Corporate governance performance status
1.Assist independent directors and general directors in performing their duties, provide necessary information, and arrange further education for directors:
- (1)Provide the board members with information on the latest revisions and developments in laws and regulations related to the company's business operations and corporate governance upon taking office, and update such information regularly.
- (2)Review the confidentiality level of relevant information and provide the company information required by the directors, and maintain smooth communication and exchange between the directors and the executives of various business units.

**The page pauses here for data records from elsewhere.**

text \<open>Concavity of the geometric sum in the segment length, used through its tangent at t,
  makes segments of equal length t optimal.\<close>

lemma OPT_N_le:
  fixes q :: real
  assumes q: "0 < q" "q < 1"
  shows "OPT_N (k * t) (\<lambda>_. q) k \<le> real k * (1 - q ^ t) / (1 - q)"
proof -
  define B where "B = - ln q * q ^ t / (1 - q)"
  define A where "A = (1 - q ^ t) / (1 - q) - B * real t"
  have G: "(\<Sum>d<g. q ^ d) \<le> A + B * real g" for g
  proof -
    have "A + B * real g = (1 - q ^ t) / (1 - q) + B * (real g - real t)"
      unfolding A_def by (simp add: algebra_simps)
    then show ?thesis using geometric_sum_le_tangent[OF q, of g t] unfolding B_def by simp
  qed
  have "0 \<le> A" using G[of 0] by simp
  have "0 \<le> B" using q unfolding B_def by (intro divide_nonneg_pos mult_nonneg_nonneg) auto
  have "spread (k * t) (\<lambda>_. q) S \<le> real k * (1 - q ^ t) / (1 - q)"
    if "S \<subseteq> {..<k * t}" "card S \<le> k" for S
  proof -
    have "finite S" using that finite_subset by blast
    have "spread (k * t) (\<lambda>_. q) S \<le> real (card S) * A + B * real (k * t)"
      using spread_le_sum_reach_bound[of q "k * t" S] q
        sum_reach_bound_le[OF G \<open>0 \<le> B\<close> \<open>finite S\<close> that(1)]
      by simp
    also have "\<dots> \<le> real k * (A + B * real t)"
      using mult_right_mono[of "real (card S)" "real k" A] that \<open>0 \<le> A\<close> by (simp add: algebra_simps)
    also have "\<dots> = real k * (1 - q ^ t) / (1 - q)" unfolding A_def by simp
    finally show ?thesis .
  qed
  moreover have "finite {S. S \<subseteq> {..<k * t} \<and> card S \<le> k}"
    by (rule finite_subset[of _ "Pow {..<k * t}"]) auto
  ultimately show ?thesis unfolding OPT_N_def by (intro Max.boundedI) auto
qed

lemma OPT_N_ge_1:
  assumes "line_probs m p" "1 \<le> m" "1 \<le> k"
  shows "1 \<le> OPT_N m p k"
proof -
  have "0 \<in> reach m \<phi> {0}" for \<phi> using assms unfolding reach_def by auto
  then have "1 \<le> real (card (reach m \<phi> {0}))" for \<phi>
    using card_0_eq[of "reach m \<phi> {0}"] finite_subset[of "reach m \<phi> {0}" "{..<m}"]
    unfolding reach_def by fastforce
  then have "1 \<le> spread m p {0}"
    unfolding spread_eq_line_expectation
    using line_expectation_mono[OF assms(1), of "\<lambda>_. 1"] line_expectation_const by metis
  also have "\<dots> \<le> OPT_N m p k" unfolding OPT_N_def
    using assms by (intro Max_ge finite_subset[of _ "Pow {..<m}"] imageI) auto
  finally show ?thesis .
qed

section \<open>The greedy adaptive policy\<close>

definition observed_active :: "history \<Rightarrow> nat set" where
  "observed_active h = fst ` set h \<union> {Suc e | e. \<exists>u fb. (u, fb) \<in> set h \<and> (e, True) \<in> fb}"

definition greedy_policy :: "nat \<Rightarrow> policy" where
  "greedy_policy m h = (let x = LEAST j. j \<notin> observed_active h in if x < m then Some x else None)"

definition blocked_before :: "nat set \<Rightarrow> nat \<Rightarrow> nat" where
  "blocked_before \<phi> j = card ({..<j} - \<phi>)"

lemma reach_mono: "S \<subseteq> S' \<Longrightarrow> reach m \<phi> S \<subseteq> reach m \<phi> S'"
  unfolding reach_def by blast

lemma observed_active_snoc_feedback:
  "observed_active (h @ [(u, feedback m \<phi> u)]) = observed_active h \<union> insert u (reach m \<phi> {u})"
proof -
  have live: "(e, True) \<in> feedback m \<phi> u \<longleftrightarrow> e \<in> reach m \<phi> {u} \<and> e < m - 1 \<and> e \<in> \<phi>" for e
    unfolding feedback_def by auto
  have "{Suc e | e. (e, True) \<in> feedback m \<phi> u} \<subseteq> reach m \<phi> {u}"
    unfolding live by (auto simp: reach_def less_Suc_eq)
  moreover have "reach m \<phi> {u} \<subseteq> insert u {Suc e | e. (e, True) \<in> feedback m \<phi> u}"
  proof
    fix j assume j: "j \<in> reach m \<phi> {u}"
    show "j \<in> insert u {Suc e | e. (e, True) \<in> feedback m \<phi> u}"
    proof (cases j)
      case (Suc e)
      with j have "j = u \<or> (e, True) \<in> feedback m \<phi> u"
        unfolding live by (auto simp: reach_def le_Suc_eq)
      then show ?thesis using Suc by blast
    qed (use j in \<open>auto simp: reach_def\<close>)
  qed
  moreover have "observed_active (h @ [(u, fb)])
      = observed_active h \<union> insert u {Suc e | e. (e, True) \<in> fb}" for fb
    unfolding observed_active_def by auto
  ultimately show ?thesis by blast
qed

lemma reach_singleton_interval:
  assumes "x < m"
  obtains y where "x \<le> y" "reach m \<phi> {x} = {x..y}" "Suc y = m \<or> y \<notin> \<phi>"
proof -
  let ?R = "reach m \<phi> {x}"
  define y where "y = Max ?R"
  have "finite ?R" by (rule finite_subset[of _ "{..<m}"]) (auto simp: reach_def)
  moreover have "x \<in> ?R" using assms by (auto simp: reach_def)
  ultimately have "y \<in> ?R" and y_max: "\<And>j. j \<in> ?R \<Longrightarrow> j \<le> y"
    unfolding y_def using Max_in Max_ge by blast+
  then have y: "x \<le> y" "y < m" "\<forall>e. x \<le> e \<and> e < y \<longrightarrow> e \<in> \<phi>"
    unfolding reach_def by auto
  have "?R = {x..y}"
  proof
    show "?R \<subseteq> {x..y}" using y_max by (auto simp: reach_def)
    show "{x..y} \<subseteq> ?R" using y by (auto simp: reach_def)
  qed
  moreover have "Suc y = m \<or> y \<notin> \<phi>"
  proof (rule ccontr)
    assume "\<not> ?thesis"
    then have "Suc y \<in> ?R" using y by (auto simp: reach_def less_Suc_eq)
    then show False using y_max by fastforce
  qed
  ultimately show ?thesis using y(1) that by blast
qed

lemma run_Suc_None: "\<pi> (run m \<pi> \<phi> n) = None \<Longrightarrow> run m \<pi> \<phi> (Suc n) = run m \<pi> \<phi> n"
  by (simp add: Let_def)

lemma run_Suc_Some:
  "\<pi> (run m \<pi> \<phi> n) = Some u \<Longrightarrow> run m \<pi> \<phi> (Suc n) = run m \<pi> \<phi> n @ [(u, feedback m \<phi> u)]"
  by (simp add: Let_def)

lemma observed_active_run_subset_reach:
  "observed_active (run m \<pi> \<phi> n) \<inter> {..<m} \<subseteq> reach m \<phi> (seeds m \<pi> \<phi> n)"
proof (induction n)
  case 0
  show ?case by (simp add: observed_active_def)
next
  case (Suc n)
  show ?case
  proof (cases "\<pi> (run m \<pi> \<phi> n)")
    case None
    then have "run m \<pi> \<phi> (Suc n) = run m \<pi> \<phi> n" by (rule run_Suc_None)
    then show ?thesis using Suc.IH by (simp add: seeds_def)
  next
    case (Some u)
    then have run: "run m \<pi> \<phi> (Suc n) = run m \<pi> \<phi> n @ [(u, feedback m \<phi> u)]"
      by (rule run_Suc_Some)
    have seeds: "seeds m \<pi> \<phi> (Suc n) = insert u (seeds m \<pi> \<phi> n)"
      unfolding seeds_def run by simp
    have observed: "observed_active (run m \<pi> \<phi> (Suc n))
        = observed_active (run m \<pi> \<phi> n) \<union> insert u (reach m \<phi> {u})"
      unfolding run by (rule observed_active_snoc_feedback)
    have "reach m \<phi> (seeds m \<pi> \<phi> n) \<union> reach m \<phi> {u} \<subseteq> reach m \<phi> (insert u (seeds m \<pi> \<phi> n))"
      by (intro Un_least reach_mono) auto
    moreover have "u < m \<Longrightarrow> u \<in> reach m \<phi> {u}" by (auto simp: reach_def)
    ultimately show ?thesis
      using Suc.IH unfolding seeds observed by blast
  qed
qed

lemma blocked_before_mono: "i \<le> j \<Longrightarrow> blocked_before \<phi> i \<le> blocked_before \<phi> j"
  unfolding blocked_before_def by (intro card_mono) auto

lemma blocked_before_Suc_blocked:
  assumes "i \<le> y" "y \<notin> \<phi>"
  shows "Suc (blocked_before \<phi> i) \<le> blocked_before \<phi> (Suc y)"
proof -
  have "card (insert y ({..<i} - \<phi>)) \<le> card ({..<Suc y} - \<phi>)"
    using assms by (intro card_mono) auto
  moreover have "card (insert y ({..<i} - \<phi>)) = Suc (card ({..<i} - \<phi>))"
    using assms by simp
  ultimately show ?thesis unfolding blocked_before_def by simp
qed
fun ctx_over :: "nat set \<Rightarrow> ctx \<Rightarrow> bool" where
  "ctx_over A (Fin v) = (set v \<subseteq> A)"
| "ctx_over A (Infc x) = (x \<in> Pasts A)"

fun ctx_len :: "ctx \<Rightarrow> enat" where
  "ctx_len (Fin v) = enat (length v)"
| "ctx_len (Infc x) = \<infinity>"

definition context_tree :: "nat set \<Rightarrow> ctx set \<Rightarrow> bool" where
  "context_tree A \<tau> \<longleftrightarrow>
     (\<forall>c\<in>\<tau>. ctx_over A c) \<and>
     (\<forall>x\<in>Pasts A. \<exists>!c. c \<in> \<tau> \<and> ctx_suffix c (Infc x)) \<and>
     (\<forall>c\<in>\<tau>. \<forall>d\<in>\<tau>. \<not> (ctx_suffix c d \<and> c \<noteq> d))"

definition inf_part :: "ctx set \<Rightarrow> ctx set" where
  "inf_part \<tau> = {c \<in> \<tau>. \<exists>x. c = Infc x}"

definition coarser :: "ctx set \<Rightarrow> ctx set \<Rightarrow> bool" where
  "coarser \<tau> \<tau>' \<longleftrightarrow> (\<forall>d\<in>\<tau>'. \<exists>c\<in>\<tau>. ctx_suffix c d)"

definition skeleton :: "nat set \<Rightarrow> ctx set \<Rightarrow> bool" where
  "skeleton A \<tau> \<longleftrightarrow> context_tree A \<tau> \<and>
     (\<forall>\<tau>'. context_tree A \<tau>' \<and> inf_part \<tau> \<subseteq> \<tau>' \<longrightarrow> coarser \<tau> \<tau>')"

definition c_tau :: "ctx set \<Rightarrow> past \<Rightarrow> ctx" where
  "c_tau \<tau> x = (THE c. c \<in> \<tau> \<and> ctx_suffix c (Infc x))"

definition alpha :: "(nat \<Rightarrow> past \<Rightarrow> real) \<Rightarrow> nat set \<Rightarrow> nat \<Rightarrow> real" where
  "alpha P A a = (INF z\<in>Pasts A. P a z)"

definition alpha_m1 :: "(nat \<Rightarrow> past \<Rightarrow> real) \<Rightarrow> nat set \<Rightarrow> real" where
  "alpha_m1 P A = infsum (alpha P A) A"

- (3)When independent directors need to meet individually with the internal audit manager or certified public accountant to understand the company’s financial business in accordance with the Corporate Governance Practice Code, they shall assist in arranging the relevant meetings.
- (4)Based on the company’s industry characteristics and the directors’ academic and professional backgrounds, assist independent directors and general directors in formulating annual training plans and arranging courses。
2. Assist the Board of Directors and Shareholders in matters concerning procedural matters and legal compliance of resolutions:
- (1)Report to the board of directors, independent directors and audit committee on the company’s corporate governance operations and confirm whether the company’s shareholders’ meetings and board meetings are held in accordance with relevant laws and corporate governance codes.
- (2)To assist and remind directors of the regulations they must comply with when performing business or making formal board resolutions, and to make recommendations when the board is about to make an illegal resolution.
- (3)After the meeting, the Board of Directors is responsible for reviewing the release of important information regarding important resolutions to ensure the legality and accuracy of the information and to protect the equal access to trading information for investors.
3. Draft the board meeting agenda and notify the directors seven days in advance, convene the meeting and provide meeting materials, remind them in advance of any issues requiring avoidance of conflict of interest, and complete the board meeting minutes within twenty days after the meeting.
4.Register the date of the shareholders' meeting in advance in accordance with the law, prepare the meeting notice, meeting manual and minutes within the statutory time limit, and handle the change registration matters when revising the articles of association or re-electing directors.
5.Purchase directors' and directors' liability insurance with a coverage amount of US$1 million, and the insurance period is from May 1, 2025 to April 30, 2026.